(* Let $A,B$ be R$^*$-algebras and let $\phi\colon A\to B$ be a linear map such that $\phi(p)$ is a projection of $B$ for every projection $p$ of $A$. Then $\phi$ is a Jordan $^*$-homomorphism, i.e., $\phi(x^* )=\phi(x)^*$ and $\phi(x^2)=\phi(x)^2$ for all $x\in A$.
   Context: An R$^*$-algebra is a (not necessarily closed, not necessarily unital) $^*$-subalgebra of $B(H)$, $H$ a complex Hilbert space, in which every self-adjoint element has finite spectrum. A projection is an element $p$ with $p=p^2=p^*$. *)

theory Defs
  imports "HOL-Analysis.Analysis"
begin

text \<open>A complex inner product space: a real inner product space with a complex scalar
multiplication extending the real one and a complex inner product (conjugate-linear in the
first argument) whose real part is the underlying real inner product (so the norm is
\<open>sqrt (Re (cinner x x))\<close>).\<close>

class complex_inner = real_inner +
  fixes scaleC :: "complex \<Rightarrow> 'a \<Rightarrow> 'a"
    and cinner :: "'a \<Rightarrow> 'a \<Rightarrow> complex"
  assumes scaleC_of_real: "scaleC (of_real r) x = scaleR r x"
    and scaleC_add_left: "scaleC (a + b) x = scaleC a x + scaleC b x"
    and scaleC_add_right: "scaleC a (x + y) = scaleC a x + scaleC a y"
    and scaleC_scaleC: "scaleC a (scaleC b x) = scaleC (a * b) x"
    and cinner_add_left: "cinner (x + y) z = cinner x z + cinner y z"
    and cinner_scaleC_left: "cinner (scaleC a x) y = cnj a * cinner x y"
    and cinner_commute: "cinner y x = cnj (cinner x y)"
    and Re_cinner: "Re (cinner x y) = inner x y"

class complex_hilbert = complex_inner + complete_space

definition bounded_op :: "('a::complex_hilbert \<Rightarrow> 'a) \<Rightarrow> bool" where
  "bounded_op T \<longleftrightarrow>
     (\<forall>x y. T (x + y) = T x + T y) \<and>
     (\<forall>c x. T (scaleC c x) = scaleC c (T x)) \<and>
     (\<exists>K. \<forall>x. norm (T x) \<le> K * norm x)"

definition BH :: "('a::complex_hilbert \<Rightarrow> 'a) set" where
  "BH = {T. bounded_op T}"

text \<open>Hilbert space adjoint (exists uniquely for bounded operators).\<close>
definition adj :: "('a::complex_hilbert \<Rightarrow> 'a) \<Rightarrow> ('a \<Rightarrow> 'a)" where
  "adj T = (SOME S. \<forall>x y. cinner (T x) y = cinner x (S y))"

text \<open>Spectrum of an operator, computed in B(H).\<close>
definition op_spectrum :: "('a::complex_hilbert \<Rightarrow> 'a) \<Rightarrow> complex set" where
  "op_spectrum T = {l. \<not> (\<exists>S\<in>BH.
       S \<circ> (\<lambda>x. T x - scaleC l x) = id \<and> (\<lambda>x. T x - scaleC l x) \<circ> S = id)}"

definition star_subalgebra :: "('a::complex_hilbert \<Rightarrow> 'a) set \<Rightarrow> bool" where
  "star_subalgebra A \<longleftrightarrow> A \<subseteq> BH \<and> (\<lambda>x. 0) \<in> A \<and>
     (\<forall>S\<in>A. \<forall>T\<in>A. (\<lambda>x. S x + T x) \<in> A) \<and>
     (\<forall>c. \<forall>T\<in>A. (\<lambda>x. scaleC c (T x)) \<in> A) \<and>
     (\<forall>S\<in>A. \<forall>T\<in>A. S \<circ> T \<in> A) \<and>
     (\<forall>T\<in>A. adj T \<in> A)"

definition R_star_algebra :: "('a::complex_hilbert \<Rightarrow> 'a) set \<Rightarrow> bool" where
  "R_star_algebra A \<longleftrightarrow> star_subalgebra A \<and>
     (\<forall>T\<in>A. adj T = T \<longrightarrow> finite (op_spectrum T))"

definition is_projection :: "('a::complex_hilbert \<Rightarrow> 'a) \<Rightarrow> bool" where
  "is_projection p \<longleftrightarrow> p \<circ> p = p \<and> adj p = p"

definition linear_on_ops ::
  "('a::complex_hilbert \<Rightarrow> 'a) set \<Rightarrow> (('a \<Rightarrow> 'a) \<Rightarrow> ('b::complex_hilbert \<Rightarrow> 'b)) \<Rightarrow> bool" where
  "linear_on_ops A \<phi> \<longleftrightarrow>
     (\<forall>S\<in>A. \<forall>T\<in>A. \<phi> (\<lambda>x. S x + T x) = (\<lambda>y. \<phi> S y + \<phi> T y)) \<and>
     (\<forall>c. \<forall>T\<in>A. \<phi> (\<lambda>x. scaleC c (T x)) = (\<lambda>y. scaleC c (\<phi> T y)))"

end

theory Submission
  imports Defs "HOL-Computational_Algebra.Fundamental_Theorem_Algebra"
begin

» TASK:
Only the lines from the one containing "(\<forall>c. \<forall>T\<in>A. \<phi>" through the final line above should be duplicated, exactly as they stand.

» ANSWER TO THIS TASK:
     (\<forall>c. \<forall>T\<in>A. \<phi> (\<lambda>x. scaleC c (T x)) = (\<lambda>y. scaleC c (\<phi> T y)))"

end

theory Submission
  imports Defs "HOL-Computational_Algebra.Fundamental_Theorem_Algebra"
begin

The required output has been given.